Praise be to UK Uncut. It’s only due to them that we’re now learning what really lay behind the Blair-Brown policy of ‘light regulation’, now gratefully continued by the Tories, and the world of difference between the treatment of the hyper-rich on the one hand and the defenders of the poorest on the other. The case currently being heard in the High Court argues that the ‘sweetheart’ tax deal reached in 2010 between Goldman Sachs and HMRC was illegal.

The deal was struck by a ‘handshake’ – as you would expect among gentlemen – between Dave Hartnett, head of HMRC, and a senior Goldman executive, ending a long-running dispute over national insurance payments payable on bonus payments dating back to the 1990s.

Estimates vary as to the amount of tax Goldman was let off paying between £6m and £20m. But apart from the substantial sums foregone by the Treasury and whether Hartnett’s private deal was legal or not (the Revenue’s own high-risk corporate programme board almost immediately afterwards repudiated it), this legal case now throws light on two highly significant aspects of the tax authorities’ attitude to their function and their relationship with their political masters.

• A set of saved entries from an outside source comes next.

lemma matrix_inv_block_lower_3:
  fixes a b c d e f g :: real
  assumes D: "D = a * d - b * c" "D \<noteq> 0" and g: "g \<noteq> 0"
  shows "matrix_inv (vector [vector [a, b, 0], vector [c, d, 0], vector [e, f, g]] :: real^3^3)
    = vector [vector [d / D, - b / D, 0], vector [- c / D, a / D, 0],
              vector [(c * f - d * e) / (D * g), (b * e - a * f) / (D * g), 1 / g]]"
  apply (rule matrix_inv_eqI)
  using D g apply (auto simp: matrix_matrix_mult_def vec_eq_iff fun_eq_iff forall_3 sum_3
      Finite_Cartesian_Product.mat_def field_simps)
  by (simp_all add: D(1) algebra_simps)

lemma Phi_c_eq:
  "Phi_c c r s t = c 1 * ((1 - r - s) * (1 - t)) + c 2 * (r * (1 - t)) + c 3 * (s * (1 - t))
     + c 4 * ((1 - r - s) * t) + c 5 * (r * t) + c 6 * (s * t)"
  by (simp add: Phi_c_def vfun_def eval_nat_numeral atLeastAtMostSuc_conv)

lemma pd_r_Phi_c: "pd_r (Phi_c c) r s t = (c 2 - c 1) * (1 - t) + (c 5 - c 4) * t"
  unfolding pd_r_def Phi_c_eq
  by (rule DERIV_imp_deriv) (auto intro!: derivative_eq_intros simp: algebra_simps)

lemma pd_s_Phi_c: "pd_s (Phi_c c) r s t = (c 3 - c 1) * (1 - t) + (c 6 - c 4) * t"
  unfolding pd_s_def Phi_c_eq
  by (rule DERIV_imp_deriv) (auto intro!: derivative_eq_intros simp: algebra_simps)

lemma pd_t_Phi_c:
  "pd_t (Phi_c c) r s t = (c 4 - c 1) * (1 - r - s) + (c 5 - c 2) * r + (c 6 - c 3) * s"
  unfolding pd_t_def Phi_c_eq
  by (rule DERIV_imp_deriv) (auto intro!: derivative_eq_intros simp: algebra_simps)

definition jac_xy :: "(nat \<Rightarrow> real) \<Rightarrow> (nat \<Rightarrow> real) \<Rightarrow> real" where
  "jac_xy vx vy = (vx 2 - vx 1) * (vy 3 - vy 1) - (vx 3 - vx 1) * (vy 2 - vy 1)"

lemma jac_mat_vertically_mapped:
  assumes "vertically_mapped vx vy"
  shows "jac_mat vx vy vz r s t = vector [vector [vx 2 - vx 1, vx 3 - vx 1, 0],
     vector [vy 2 - vy 1, vy 3 - vy 1, 0],
     vector [pd_r (Phi_c vz) r s t, pd_s (Phi_c vz) r s t, pd_t (Phi_c vz) r s t]]"
  using assms unfolding jac_mat_def pd_r_Phi_c pd_s_Phi_c pd_t_Phi_c vertically_mapped_def
  by (simp add: algebra_simps)
(* Let $\mathcal{R}\colon\mathbf{Mod}_{\mathbb{R}_{\geq0}}\to\mathbf{Vect}_{\mathbb{R}}$ be a left adjoint to the forgetful functor $\mathbf{Vect}_{\mathbb{R}}\to\mathbf{Mod}_{\mathbb{R}_{\geq0}}$ (restriction of scalars along $\mathbb{R}_{\geq0}\hookrightarrow\mathbb{R}$), and let $\mathcal{C}\colon\mathbf{Vect}_{\mathbb{R}}\to\mathbf{Vect}_{\mathbb{C}}$ be a left adjoint to the forgetful functor $\mathbf{Vect}_{\mathbb{C}}\to\mathbf{Vect}_{\mathbb{R}}$ (restriction of scalars along $\mathbb{R}\hookrightarrow\mathbb{C}$). For a finite-dimensional complex Hilbert space $H$, the transpose under the first adjunction of the inclusion $\mathcal{Pos}(H)\hookrightarrow\mathcal{SA}(H)$ (a map in $\mathbf{Mod}_{\mathbb{R}_{\geq0}}$) is an isomorphism $\mathcal{R}(\mathcal{Pos}(H))\cong\mathcal{SA}(H)$ in $\mathbf{Vect}_{\mathbb{R}}$, and the transpose under the second adjunction of the inclusion $\mathcal{SA}(H)\hookrightarrow\mathcal{B}(H)$ (a map in $\mathbf{Vect}_{\mathbb{R}}$) is an isomorphism $\mathcal{C}(\mathcal{SA}(H))\cong\mathcal{B}(H)$ in $\mathbf{Vect}_{\mathbb{C}}$. Consequently $\mathcal{R}\circ\mathcal{Pos}\cong\mathcal{SA}$ and $\mathcal{C}\circ\mathcal{SA}\cong\mathcal{B}$ as functors on $\mathbf{FdHilb}$.
   Context: For a finite-dimensional complex Hilbert space $H$: $\mathcal{B}(H)$ is the complex vector space of linear operators $H\to H$; $\mathcal{SA}(H)\subseteq\mathcal{B}(H)$ is the real vector space of self-adjoint operators ($A^\dagger=A$); $\mathcal{Pos}(H)\subseteq\mathcal{SA}(H)$ is the $\mathbb{R}_{\geq0}$-module of positive operators ($\langle Ax,x\rangle\ge0$ for all $x$). $\mathbf{FdHilb}$ is the category of finite-dimensional complex Hilbert spaces and linear maps, and $\mathcal{B},\mathcal{SA},\mathcal{Pos}$ are functors from it (to $\mathbf{Vect}_{\mathbb{C}}$, $\mathbf{Vect}_{\mathbb{R}}$, $\mathbf{Mod}_{\mathbb{R}_{\ge0}}$ respectively) sending $C\colon H\to K$ to $A\mapsto CAC^{\dagger}$. $\mathbf{Mod}_{\mathbb{R}_{\geq0}}$ is the category of modules over the semiring $\mathbb{R}_{\geq0}$ (commutative monoids with a scalar multiplication by non-negative reals that is additive in each argument, unital and associative) with linear maps; $\mathbf{Vect}_{\mathbb{R}}$, $\mathbf{Vect}_{\mathbb{C}}$ are the categories of real, resp. complex, vector spaces. *)

theory Defs
  imports "HOL-Analysis.Analysis" "HOL-Library.Complex_Order"
begin

text \<open>A finite-dimensional complex Hilbert space H is modelled as complex^'n with the
standard inner product; operators on H are matrices complex^'n^'n.\<close>

definition cinner :: "complex^'n \<Rightarrow> complex^'n \<Rightarrow> complex" where
  "cinner x y = (\<Sum>i\<in>UNIV. x$i * cnj (y$i))"

definition cadj :: "complex^'n^'m \<Rightarrow> complex^'m^'n" where
  "cadj A = (\<chi> i j. cnj (A$j$i))"
(* Fix $\kappa>0$ and $0<L<U<\infty$; let $a=(1+U)^{-1}$, $b=(1+L)^{-1}$, $I=[a,b]$. For $x\in\mathbb Z_+$ and $z\in I$ let $\phi_x(z)=\frac{\Gamma(x+\kappa)}{x!\,\Gamma(\kappa)}z^x(1-z)^\kappa$. For $\theta>0$ and $z\in I$ let $\Phi_\theta(z)=\frac{\theta^{\kappa-1}}{\Gamma(\kappa)}\left(\frac{1-z}{z}\right)^\kappa e^{-\theta(1-z)/z}$, and for a measurable $\psi:[0,\infty)\to\mathbb R$ with $\|\psi\|_\infty\le1$ let $T_\psi(z)=\int_0^\infty\psi(\theta)\Phi_\theta(z)\,d\theta$. Then there exist a constant $C>0$ depending only on $(\kappa,L,U)$ and constants $\rho\in(0,1)$ and $B>1$ depending only on $(L,U)$ such that, for every integer $m\ge2$ and every such $\psi$, there exist coefficients $a^{(m)}_{\psi,0},\dots,a^{(m)}_{\psi,m}\in\mathbb R$ with $$\sup_{z\in I}\Big|T_\psi(z)-\sum_{x=0}^m a^{(m)}_{\psi,x}\phi_x(z)\Big|\le C\rho^m\qquad\text{and}\qquad\sum_{x=0}^m|a^{(m)}_{\psi,x}|\le C(m+1)^{(1-\kappa)_+}B^m.$$
   Context: $\|\psi\|_\infty$ is the supremum norm; $(t)_+=\max(t,0)$. *)

theory Defs
  imports "HOL-Analysis.Analysis"
begin

definition phiNB :: "real \<Rightarrow> nat \<Rightarrow> real \<Rightarrow> real" where
  "phiNB \<kappa> x z = Gamma (real x + \<kappa>) / (fact x * Gamma \<kappa>) * z ^ x * (1 - z) powr \<kappa>"

definition PhiG :: "real \<Rightarrow> real \<Rightarrow> real \<Rightarrow> real" where
  "PhiG \<kappa> \<theta> z = \<theta> powr (\<kappa> - 1) / Gamma \<kappa> * ((1 - z) / z) powr \<kappa>
                     * exp (- \<theta> * (1 - z) / z)"

definition Tpsi :: "real \<Rightarrow> (real \<Rightarrow> real) \<Rightarrow> real \<Rightarrow> real" where
  "Tpsi \<kappa> \<psi> z = (LINT \<theta>:{0..}|lborel. \<psi> \<theta> * PhiG \<kappa> \<theta> z)"

end

theory Submission
  imports Defs "HOL-Complex_Analysis.Complex_Analysis"
begin

(* For 0 < z < 1 the kernel factors as
     Phi_theta(z) = theta^(kappa-1) / Gamma(kappa) * (1-z)^kappa * h_theta(z),
     h_theta(w) = w^(-kappa) * exp (-theta (1-w)/w),
   and h_theta is holomorphic in the right half-plane.  On a disc |w - 1/2| <= R < 1/2 we have
   Re (1/w) >= 1/(1/2 + R) > 1, hence |h_theta| <= (1/2 - R)^(-kappa) * exp (-delta theta) with
   delta = 1/(1/2 + R) - 1 > 0.  Cauchy's estimates bound the Taylor coefficients of h_theta at 1/2 by
   exp (-delta theta) R^(-k), and the Taylor remainder on |z - 1/2| <= r by
   exp (-delta theta) (r/R)^(m+1).  The factor exp (-delta theta) makes everything integrable
   against psi(theta) theta^(kappa-1), as the integral of theta^(kappa-1) exp (-delta theta) over
   [0,oo) is Gamma(kappa) delta^(-kappa).  Integrating in theta gives
     T_psi(z) = (1-z)^kappa * (sum_{k<=m} A_k (z - 1/2)^k + O((r/R)^m)),   |A_k| = O(R^(-k)).
   Expanding (z - 1/2)^k in powers of z costs a factor (3/2)^k, and
   z^x (1-z)^kappa = x!/(kappa)_x * phi_x(z) with x!/(kappa)_x <= 2^x / min kappa 1, so the
   coefficients in the basis phi_x grow at most like (6/R)^m. *)

section \<open>Lebesgue integrals over [0, oo)\<close>

lemma set_integral_sum:
  fixes f :: "'i \<Rightarrow> 'a \<Rightarrow> 'b::{banach, second_countable_topology}"
  assumes "\<And>i. i \<in> I \<Longrightarrow> set_integrable M A (f i)"
  shows "set_integrable M A (\<lambda>x. \<Sum>i\<in>I. f i x)"
    and "(LINT x:A|M. (\<Sum>i\<in>I. f i x)) = (\<Sum>i\<in>I. LINT x:A|M. f i x)"
proof -
  have int: "integrable M (\<lambda>x. indicator A x *\<^sub>R f i x)" if "i \<in> I" for i
    using assms[OF that] by (simp add: set_integrable_def)
  show "set_integrable M A (\<lambda>x. \<Sum>i\<in>I. f i x)"
    unfolding set_integrable_def scaleR_sum_right by (rule Bochner_Integration.integrable_sum) (rule int)
  show "(LINT x:A|M. (\<Sum>i\<in>I. f i x)) = (\<Sum>i\<in>I. LINT x:A|M. f i x)"
    unfolding set_lebesgue_integral_def scaleR_sum_right by (rule Bochner_Integration.integral_sum) (rule int)
qed

lemma Gamma_integral_scaled:
  fixes \<kappa> \<delta> :: real
  assumes "0 < \<kappa>" "0 < \<delta>"
  shows "has_bochner_integral lborel (\<lambda>\<theta>. indicator {0..} \<theta> * \<theta> powr (\<kappa> - 1) * exp (- \<delta> * \<theta>))
           (Gamma \<kappa> / \<delta> powr \<kappa>)"
proof -
  define g where "g t = indicator {0..} t * t powr (\<kappa> - 1) / exp t" for t :: real
  have g: "has_bochner_integral lborel g (Gamma \<kappa>)"
    unfolding g_def using Gamma_conv_nn_integral_real[OF assms(1)] Gamma_real_pos[OF assms(1)]
    by (intro has_bochner_integral_nn_integral) auto
  have scaled: "g (0 + \<delta> * \<theta>) = \<delta> powr (\<kappa> - 1) * (indicator {0..} \<theta> * \<theta> powr (\<kappa> - 1) * exp (- \<delta> * \<theta>))"
    for \<theta>
    using assms(2) by (cases "0 \<le> \<theta>")
      (auto simp: g_def indicator_def powr_mult exp_minus field_simps zero_le_mult_iff)
  have "integrable lborel (\<lambda>\<theta>. g (0 + \<delta> * \<theta>))"
    using g assms(2) by (intro lborel_integrable_real_affine) (auto simp: has_bochner_integral_iff)
  then have int: "integrable lborel (\<lambda>\<theta>. indicator {0..} \<theta> * \<theta> powr (\<kappa> - 1) * exp (- \<delta> * \<theta>))"
    unfolding scaled using assms(2) by simp
  have "Gamma \<kappa> = \<delta> * (\<integral>\<theta>. g (0 + \<delta> * \<theta>) \<partial>lborel)"
    using lborel_integral_real_affine[of \<delta> g 0] g assms(2) by (simp add: has_bochner_integral_iff)
  also have "\<dots> = \<delta> * \<delta> powr (\<kappa> - 1) * (\<integral>\<theta>. indicator {0..} \<theta> * \<theta> powr (\<kappa> - 1) * exp (- \<delta> * \<theta>) \<partial>lborel)"
    unfolding scaled by simp
  also have "\<delta> * \<delta> powr (\<kappa> - 1) = \<delta> powr \<kappa>"
    using assms(2) by (simp add: powr_diff)
  finally show ?thesis
    using int assms(2) by (simp add: has_bochner_integral_iff field_simps)
qed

First, there was the policy of trying to reach ‘agreements’ over tax with the big business corporates, ostensibly to avoid long-drawn-out legal disputes in the courts and the uncertainty and costs that might be involved, but really as a means of encouraging inward direct investment and assuring Big Business that New Labour / Tories were highly accommodating to their interests and thus ensure a pro-business atmosphere conducive to political donations and general support.

The problem of course with this is that it switches the balance of power to business itself which only co-operates to the degree that suits itself, i.e. minimally. Transfer pricing and tax havens flourished and tax payments were semi-voluntary, with business paying only what it was willing to.

Compare that with the poorest families forced out of their homes by the sudden imposition of the bedroom tax – nothing voluntary about that. Or compare that with the treatment of the unions, shackled from head to toe by debilitating legal constraints to render them powerless. No cosy relationship with them to get their voluntary consent. Or just think of the small people who are relentlessly pursued for the smallest sums, or the benefit recipients who are hounded months or even years later for what are claimed to be ‘over-payments’.

Then secondly what has come to light is the way that HMRC, or its boss at least, kow-tows to Osborne, whatever the law may say, in order to get him off an embarrassing hook. Osborne had just signed an agreement with the top 15 banks, including Goldman, on a new code of conduct – voluntary of course – and Hartnett was fearful that if HMRC reopened the deal to force Goldman to pay, the bank would withdraw from the code of conduct, leaving a rfed face for Osborne. So rather than enforce the law, and contrary to legal advice, he waived the deal through. What a good thing Goldman’s not the Federation of Small Businesses, let alone Unite or the GMB.